Markov decision problems are usually defined with a reward function $$r:\mathcal{S}\times\mathcal{A}\rightarrow\mathbb{R}$$, and in these cases the rewards are expected to be scalar real values. This makes reinforcement learning (RL) easier, for example when defining a policy $$\pi(s,a)=\arg\max_a Q(s,a)$$, it is clear what is the maximum of the Q-factors in state $$s$$.

As you might have also realized, in practice however, problems often have multiple objectives that we wish to optimize at the same time. This is called multiobjective optimization and the related RL field is multiobjective reinforcement learning (MORL). If you have access to the paper Liu, Xu, Hu: Multiobjective Reinforcement Learning: A Comprehensive Overview (2015) you might be interested in reading it. (Edit: as Peter noted in his answer, the original version of this paper was found to be a plagiarism of various other works. Please refer to his answer for better resources.)

The above-mentioned paper categorizes methods for dealing with multiple rewards into two categories:

• single objective strategy, where multiple rewards are somehow aggregated into one scalar value. This can be done by giving weights to rewards, making some of the objectives a constraint and optimize the others, ranking the objectives and optimize them in order etc. (Note: in my experience, weighted sum of rewards is not a good objective as it might combine two completely unrelated objectives in a very forced way.)
• Pareto strategy, where the goal is to find Pareto-optimal strategies or a Pareto front. In this case we keep the rewards a vector and may compute a composite Q-factor, eg.: $$\bar{Q}(s,a)=[Q_1(s,a), \ldots, Q_N(s,a)]$$ and may have to modify the $$\arg\max_a$$ function to select the maximum in a Pareto sense.
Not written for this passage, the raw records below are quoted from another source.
definition ghf :: "(real \<Rightarrow> real) \<Rightarrow> gnum set \<Rightarrow> (gnum \<Rightarrow> gnum) \<Rightarrow> bool" where
  "ghf \<rho> U f \<longleftrightarrow> (\<exists>\<Omega> F. (\<forall>e. open (\<Omega> e) \<and> F e holomorphic_on \<Omega> e) \<and>
     (\<forall>z\<in>U. \<forall>zr\<in>z. ev (\<lambda>e. zr e \<in> \<Omega> e) \<and> f z = cls \<rho> (\<lambda>e. F e (zr e)) \<and>
        (\<forall>k. moderate \<rho> (\<lambda>e. (deriv ^^ k) (F e) (zr e)))))"

definition gen_entire :: "(real \<Rightarrow> real) \<Rightarrow> (gnum \<Rightarrow> real \<Rightarrow> nat) \<Rightarrow> (gnum \<Rightarrow> gnum) \<Rightarrow> bool" where
  "gen_entire \<rho> ni f \<longleftrightarrow> (\<exists>c\<in>Ct \<rho>. \<exists>A\<in>Cc \<rho>. Sconv \<rho> ni A c = Ct \<rho> \<and>
     (\<forall>z\<in>Ct \<rho>. \<exists>zr cr ar. S_reps \<rho> ni A c z zr cr ar \<and>
        hyperlim \<rho> (hps \<rho> ni (\<lambda>n e. ar n e * (zr e - cr e) ^ n)) (f z)))"

end

theory Submission
  imports Defs
begin

text \<open>Liouville's argument, carried out uniformly in \<open>\<epsilon>\<close>. Boundedness of \<open>f\<close> at every
  generalized point says that for each moderate net \<open>u\<close> the representatives satisfy
  \<open>|F\<^sub>\<epsilon>(u\<^sub>\<epsilon>)| \<le> \<rho>\<^sub>\<epsilon>\<^sup>-\<^sup>K\<close> for small \<open>\<epsilon>\<close>, with \<open>K\<close> coming from the bound \<open>M\<close> alone. Since a net of
  counterexamples would itself be moderate, the bound holds on whole discs of radius \<open>\<rho>\<^sub>\<epsilon>\<^sup>-\<^sup>N\<close>,
  for every \<open>N\<close>. Cauchy's estimate on such a disc bounds \<open>|F\<^sub>\<epsilon>'|\<close> by \<open>\<rho>\<^sub>\<epsilon>\<^sup>N\<^sup>-\<^sup>K\<close> near the
  representatives of two points \<open>z\<close>, \<open>w\<close>, so \<open>F\<^sub>\<epsilon>(z\<^sub>\<epsilon>) - F\<^sub>\<epsilon>(w\<^sub>\<epsilon>)\<close> is negligible.\<close>

lemma holomorphic_lipschitz_bound:
  fixes F :: "complex \<Rightarrow> complex"
  assumes hol: "F holomorphic_on S" and "open S" and "0 < s"
    and bound: "\<And>u. dist c u \<le> r + s \<Longrightarrow> u \<in> S \<and> norm (F u) \<le> B"
    and "z \<in> cball c r" and "w \<in> cball c r"
  shows "norm (F z - F w) \<le> B / s * norm (z - w)"
proof (rule field_differentiable_bound[where f' = "deriv F"])
  fix x assume x: "x \<in> cball c r"
  have ball_x: "cball x s \<subseteq> S"
  proof
    fix u assume "u \<in> cball x s"
    then have "dist c u \<le> r + s"
      using x dist_triangle[of c u x] by simp
    then show "u \<in> S"
      using bound by blast
  qed
  then show "(F has_field_derivative deriv F x) (at x within cball c r)"
    using hol \<open>open S\<close> \<open>0 < s\<close> by (intro holomorphic_derivI) auto
  have "norm ((deriv ^^ 1) F x) \<le> fact 1 * B / s ^ 1"
  proof (rule Cauchy_inequality)
    show "F holomorphic_on ball x s"
      using hol ball_x ball_subset_cball holomorphic_on_subset by blast
    show "continuous_on (cball x s) F"
      using holomorphic_on_imp_continuous_on[OF hol] ball_x continuous_on_subset by blast
    show "norm (F u) \<le> B" if "norm (x - u) = s" for u
      using x that bound dist_triangle[of c u x] by (simp add: dist_norm)
  qed fact
  then show "norm (deriv F x) \<le> B / s"
    by simp
qed (use assms in auto)

lemma negligible_uminus: "negligible \<rho> a \<Longrightarrow> negligible \<rho> (\<lambda>e. - a e)"
  unfolding negligible_def by simp

lemma ev_norm_diff_le_1_if_mem_cls: "y \<in> cls \<rho> x \<Longrightarrow> ev (\<lambda>e. norm (y e - x e) \<le> 1)"
  unfolding cls_def negligible_def by (auto dest: spec[of _ 0])

lemma inverse_power_mono:
  fixes r :: real
  assumes "0 < r" "r \<le> 1" "N \<le> N'"
  shows "inverse (r ^ N) \<le> inverse (r ^ N')"
  using assms by (intro le_imp_inverse_le power_decreasing) auto

lemma inverse_power_Suc_ge:
  fixes r :: real
  assumes "0 < r" "r \<le> 1/2"
  shows "2 * inverse (r ^ N) \<le> inverse (r ^ Suc N)"
proof -
  have "2 \<le> inverse r"
    using assms by (simp add: field_simps)
  then show ?thesis
    using assms by (simp add: inverse_mult_distrib mult_right_mono)
qed

locale small_gauge =
  fixes \<rho> :: "real \<Rightarrow> real"
  assumes gauge_small: "ev (\<lambda>e. 0 < \<rho> e \<and> \<rho> e \<le> 1/2)"
begin

lemma negligible_add:
  assumes "negligible \<rho> a" and "negligible \<rho> b"
  shows "negligible \<rho> (\<lambda>e. a e + b e)"
  unfolding negligible_def
proof
  fix q
  from gauge_small assms[unfolded negligible_def, THEN spec[of _ "Suc q"]]
  show "ev (\<lambda>e. norm (a e + b e) \<le> \<rho> e ^ q)"
    unfolding ev_def
  proof eventually_elim
    case (elim e)
    then have "norm (a e + b e) \<le> (2 * \<rho> e) * \<rho> e ^ q"
      using norm_triangle_ineq[of "a e" "b e"] by simp
    also have "\<dots> \<le> \<rho> e ^ q"
      using elim by (intro mult_left_le_one_le) auto
    finally show ?case .
  qed
qed

lemma mem_cls_self: "moderate \<rho> x \<Longrightarrow> x \<in> cls \<rho> x"
  using gauge_small unfolding cls_def negligible_def ev_def
  by (auto elim: eventually_mono)

lemma cls_eq_if_negligible_diff:
  assumes "negligible \<rho> (\<lambda>e. a e - b e)"
  shows "cls \<rho> a = cls \<rho> b"
proof -
  have "negligible \<rho> (\<lambda>e. y e - a e) \<longleftrightarrow> negligible \<rho> (\<lambda>e. y e - b e)" for y
    using negligible_add[OF _ assms, of "\<lambda>e. y e - a e"]
      negligible_add[OF _ negligible_uminus[OF assms], of "\<lambda>e. y e - b e"]
    by auto
  then show ?thesis
    unfolding cls_def by blast
qed

lemma moderate_bound_mono:
  fixes x :: net
  assumes "ev (\<lambda>e. norm (x e) \<le> inverse (\<rho> e ^ N))" and "N \<le> N'"
  shows "ev (\<lambda>e. norm (x e) \<le> inverse (\<rho> e ^ N'))"
  using gauge_small assms(1) unfolding ev_def
proof eventually_elim
  case (elim e)
  then have "inverse (\<rho> e ^ N) \<le> inverse (\<rho> e ^ N')"
    using \<open>N \<le> N'\<close> by (intro inverse_power_mono) auto
  with elim show ?case
    by linarith
qed
(* For each $d\ge 1$, the class of matroids that admit a $d$-th symmetric power is minor closed.
   Context: For a finite set $E$, $\mathrm{Sym}_d(E)$ is the set of multisets of size $d$ from $E$, written multiplicatively ($\alpha\beta$ is multiset union), $\mathrm{Sym}_0(E)=\{1\}$. For $\alpha\in\mathrm{Sym}_{d-i}(E)$ and a matroid $N$ on $\mathrm{Sym}_d(E)$, $N|_\alpha$ denotes the restriction of $N$ to $\{\alpha\beta:\beta\in\mathrm{Sym}_i(E)\}$. Given a matroid $M$ on $E$, a $d$-th symmetric quasi power of $M$ is a sequence $(M_1,\dots,M_d)$ of matroids with $M_1=M$, $M_i$ on ground set $\mathrm{Sym}_i(E)$, such that for all $1\le i\le d$ and $\alpha\in\mathrm{Sym}_{d-i}(E)$: if no element of $\alpha$ is a loop of $M$, then $\beta\mapsto\alpha\beta$ is an isomorphism $M_i\cong M_d|_\alpha$; otherwise $\mathrm{rk}(M_d|_\alpha)=0$. It is a $d$-th symmetric power of $M$ if moreover $\mathrm{rk}(M_d)=\binom{\mathrm{rk}(M)+d-1}{d}$. A matroid $M$ admits a $d$-th symmetric power if such a sequence exists. *)

theory Defs
  imports Main "HOL-Library.Multiset"
begin

type_synonym 'a matroid = "'a set \<times> ('a set \<Rightarrow> bool)"

definition ground :: "'a matroid \<Rightarrow> 'a set" where "ground M = fst M"
definition indep :: "'a matroid \<Rightarrow> 'a set \<Rightarrow> bool" where "indep M = snd M"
Finally, I believe it is important to remind you that all these methods really depend on the use-case and on what you really want to achieve and that there is no one solution that fits all. Even after finding an appropriate method you might find yourself spending time tweaking hyper-parameters just so that your RL agent would do what you would like it to do in one specific scenario and do something else in a slightly different scenario. (Eg. taking over on a highway vs. taking over on a country road).